▶ **GOAL OF THE EXERCISE**
Nothing but the line holding "V A \<union>" and the lines after it, through the end of the records, should be set down, each exactly as it is.

▶ **MATERIALS PROVIDED**
(* The intuitionistic modal logic $\mathsf{mHC}$ is canonical and has the finite model property.
   Context: $\mathsf{mHC}$ is the smallest set of formulas (built from variables, $\bot,\to,\wedge,\vee,\Box$) containing all axioms of intuitionistic propositional logic, $\Box(A\to B)\to(\Box A\to\Box B)$, $A\to\Box A$ and $\Box A\to((B\to A)\vee B)$, closed under modus ponens, necessitation and substitution. Kripke semantics: frames $(W,\unlhd,\prec)$ with $\unlhd$ a partial order, $\prec$ a relation such that $w\unlhd v\prec x$ implies $w\prec x$; valuations into $\unlhd$-upsets; $\Box A=\{w\mid\forall x(w\prec x\Rightarrow x\in A)\}$. Canonical means the logic is valid in its canonical frame (prime theories of the logic ordered by inclusion, with $\Gamma\prec\Delta$ iff $\{A\mid\Box A\in\Gamma\}\subseteq\Delta$). The finite model property means every non-theorem fails in some finite frame validating the logic. *)

theory Defs
  imports Main
begin

datatype fm = Var nat | Bot | Imp fm fm | Conj fm fm | Disj fm fm | Box fm

fun subst :: "(nat \<Rightarrow> fm) \<Rightarrow> fm \<Rightarrow> fm" where
  "subst s (Var p) = s p"
| "subst s Bot = Bot"
| "subst s (Imp A B) = Imp (subst s A) (subst s B)"
| "subst s (Conj A B) = Conj (subst s A) (subst s B)"
| "subst s (Disj A B) = Disj (subst s A) (subst s B)"
| "subst s (Box A) = Box (subst s A)"

inductive ipc_axiom :: "fm \<Rightarrow> bool" where
  "ipc_axiom (Imp A (Imp B A))"
| "ipc_axiom (Imp (Imp A (Imp B C)) (Imp (Imp A B) (Imp A C)))"
| "ipc_axiom (Imp (Conj A B) A)"
| "ipc_axiom (Imp (Conj A B) B)"
| "ipc_axiom (Imp A (Imp B (Conj A B)))"
| "ipc_axiom (Imp A (Disj A B))"
| "ipc_axiom (Imp B (Disj A B))"
| "ipc_axiom (Imp (Imp A C) (Imp (Imp B C) (Imp (Disj A B) C)))"
| "ipc_axiom (Imp Bot A)"

inductive_set mHC :: "fm set" where
  ipc: "ipc_axiom A \<Longrightarrow> A \<in> mHC"
| K: "Imp (Box (Imp A B)) (Imp (Box A) (Box B)) \<in> mHC"
| box_intro: "Imp A (Box A) \<in> mHC"
| HC: "Imp (Box A) (Disj (Imp B A) B) \<in> mHC"
| MP: "A \<in> mHC \<Longrightarrow> Imp A B \<in> mHC \<Longrightarrow> B \<in> mHC"
| Nec: "A \<in> mHC \<Longrightarrow> Box A \<in> mHC"
| Subst: "A \<in> mHC \<Longrightarrow> subst s A \<in> mHC"

definition frame :: "'w set \<Rightarrow> ('w \<Rightarrow> 'w \<Rightarrow> bool) \<Rightarrow> ('w \<Rightarrow> 'w \<Rightarrow> bool) \<Rightarrow> bool" where
  "frame W le R \<longleftrightarrow>
     (\<forall>w\<in>W. le w w) \<and>
     (\<forall>u\<in>W. \<forall>v\<in>W. \<forall>w\<in>W. le u v \<longrightarrow> le v w \<longrightarrow> le u w) \<and>
     (\<forall>u\<in>W. \<forall>v\<in>W. le u v \<longrightarrow> le v u \<longrightarrow> u = v) \<and>
     (\<forall>w\<in>W. \<forall>v\<in>W. \<forall>x\<in>W. le w v \<longrightarrow> R v x \<longrightarrow> R w x)"

definition upset :: "'w set \<Rightarrow> ('w \<Rightarrow> 'w \<Rightarrow> bool) \<Rightarrow> 'w set \<Rightarrow> bool" where
  "upset W le X \<longleftrightarrow> X \<subseteq> W \<and> (\<forall>w\<in>X. \<forall>v\<in>W. le w v \<longrightarrow> v \<in> X)"

definition valuation :: "'w set \<Rightarrow> ('w \<Rightarrow> 'w \<Rightarrow> bool) \<Rightarrow> (nat \<Rightarrow> 'w set) \<Rightarrow> bool" where
  "valuation W le V \<longleftrightarrow> (\<forall>p. upset W le (V p))"

fun sem :: "'w set \<Rightarrow> ('w \<Rightarrow> 'w \<Rightarrow> bool) \<Rightarrow> ('w \<Rightarrow> 'w \<Rightarrow> bool) \<Rightarrow> (nat \<Rightarrow> 'w set) \<Rightarrow> fm \<Rightarrow> 'w set" where
  "sem W le R V (Var p) = V p"
| "sem W le R V Bot = {}"
| "sem W le R V (Imp A B) =
     {w\<in>W. \<forall>v\<in>W. le w v \<longrightarrow> v \<in> sem W le R V A \<longrightarrow> v \<in> sem W le R V B}"
| "sem W le R V (Conj A B) = sem W le R V A \<inter> sem W le R V B"
| "sem W le R V (Disj A B) = sem W le R V A \<union> sem W le R V B"
| "sem W le R V (Box A) = {w\<in>W. \<forall>x\<in>W. R w x \<longrightarrow> x \<in> sem W le R V A}"

definition valid_in :: "fm set \<Rightarrow> 'w set \<Rightarrow> ('w \<Rightarrow> 'w \<Rightarrow> bool) \<Rightarrow> ('w \<Rightarrow> 'w \<Rightarrow> bool) \<Rightarrow> bool" where
  "valid_in L W le R \<longleftrightarrow> (\<forall>V. valuation W le V \<longrightarrow> (\<forall>A\<in>L. sem W le R V A = W))"

definition theory_of :: "fm set \<Rightarrow> fm set \<Rightarrow> bool" where
  "theory_of L \<Gamma> \<longleftrightarrow> L \<subseteq> \<Gamma> \<and> (\<forall>A B. A \<in> \<Gamma> \<longrightarrow> Imp A B \<in> \<Gamma> \<longrightarrow> B \<in> \<Gamma>)"

definition prime_theory :: "fm set \<Rightarrow> fm set \<Rightarrow> bool" where
  "prime_theory L \<Gamma> \<longleftrightarrow> theory_of L \<Gamma> \<and> Bot \<notin> \<Gamma> \<and>
     (\<forall>A B. Disj A B \<in> \<Gamma> \<longrightarrow> A \<in> \<Gamma> \<or> B \<in> \<Gamma>)"

definition can_W :: "fm set \<Rightarrow> fm set set" where
  "can_W L = {\<Gamma>. prime_theory L \<Gamma>}"

definition can_le :: "fm set \<Rightarrow> fm set \<Rightarrow> bool" where
  "can_le \<Gamma> \<Delta> \<longleftrightarrow> \<Gamma> \<subseteq> \<Delta>"

definition can_R :: "fm set \<Rightarrow> fm set \<Rightarrow> bool" where
  "can_R \<Gamma> \<Delta> \<longleftrightarrow> {A. Box A \<in> \<Gamma>} \<subseteq> \<Delta>"

definition canonical :: "fm set \<Rightarrow> bool" where
  "canonical L \<longleftrightarrow> valid_in L (can_W L) can_le can_R"

text \<open>Finite frames are taken with worlds drawn from \<open>nat\<close> (any finite frame is isomorphic to one).\<close>
definition fmp :: "fm set \<Rightarrow> bool" where
  "fmp L \<longleftrightarrow> (\<forall>A. A \<notin> L \<longrightarrow>
     (\<exists>(W::nat set) le R V w. finite W \<and> frame W le R \<and> valid_in L W le R \<and>
        valuation W le V \<and> w \<in> W \<and> w \<notin> sem W le R V A))"

end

▶ **ANSWER SPACE**
| "sem W le R V (Disj A B) = sem W le R V A \<union> sem W le R V B"
| "sem W le R V (Box A) = {w\<in>W. \<forall>x\<in>W. R w x \<longrightarrow> x \<in> sem W le R V A}"

definition valid_in :: "fm set \<Rightarrow> 'w set \<Rightarrow> ('w \<Rightarrow> 'w \<Rightarrow> bool) \<Rightarrow> ('w \<Rightarrow> 'w \<Rightarrow> bool) \<Rightarrow> bool" where
  "valid_in L W le R \<longleftrightarrow> (\<forall>V. valuation W le V \<longrightarrow> (\<forall>A\<in>L. sem W le R V A = W))"

definition theory_of :: "fm set \<Rightarrow> fm set \<Rightarrow> bool" where
  "theory_of L \<Gamma> \<longleftrightarrow> L \<subseteq> \<Gamma> \<and> (\<forall>A B. A \<in> \<Gamma> \<longrightarrow> Imp A B \<in> \<Gamma> \<longrightarrow> B \<in> \<Gamma>)"

definition prime_theory :: "fm set \<Rightarrow> fm set \<Rightarrow> bool" where
  "prime_theory L \<Gamma> \<longleftrightarrow> theory_of L \<Gamma> \<and> Bot \<notin> \<Gamma> \<and>
     (\<forall>A B. Disj A B \<in> \<Gamma> \<longrightarrow> A \<in> \<Gamma> \<or> B \<in> \<Gamma>)"

definition can_W :: "fm set \<Rightarrow> fm set set" where
  "can_W L = {\<Gamma>. prime_theory L \<Gamma>}"

definition can_le :: "fm set \<Rightarrow> fm set \<Rightarrow> bool" where
  "can_le \<Gamma> \<Delta> \<longleftrightarrow> \<Gamma> \<subseteq> \<Delta>"

definition can_R :: "fm set \<Rightarrow> fm set \<Rightarrow> bool" where
  "can_R \<Gamma> \<Delta> \<longleftrightarrow> {A. Box A \<in> \<Gamma>} \<subseteq> \<Delta>"

definition canonical :: "fm set \<Rightarrow> bool" where
  "canonical L \<longleftrightarrow> valid_in L (can_W L) can_le can_R"

text \<open>Finite frames are taken with worlds drawn from \<open>nat\<close> (any finite frame is isomorphic to one).\<close>
definition fmp :: "fm set \<Rightarrow> bool" where
  "fmp L \<longleftrightarrow> (\<forall>A. A \<notin> L \<longrightarrow>
     (\<exists>(W::nat set) le R V w. finite W \<and> frame W le R \<and> valid_in L W le R \<and>
        valuation W le V \<and> w \<in> W \<and> w \<notin> sem W le R V A))"

end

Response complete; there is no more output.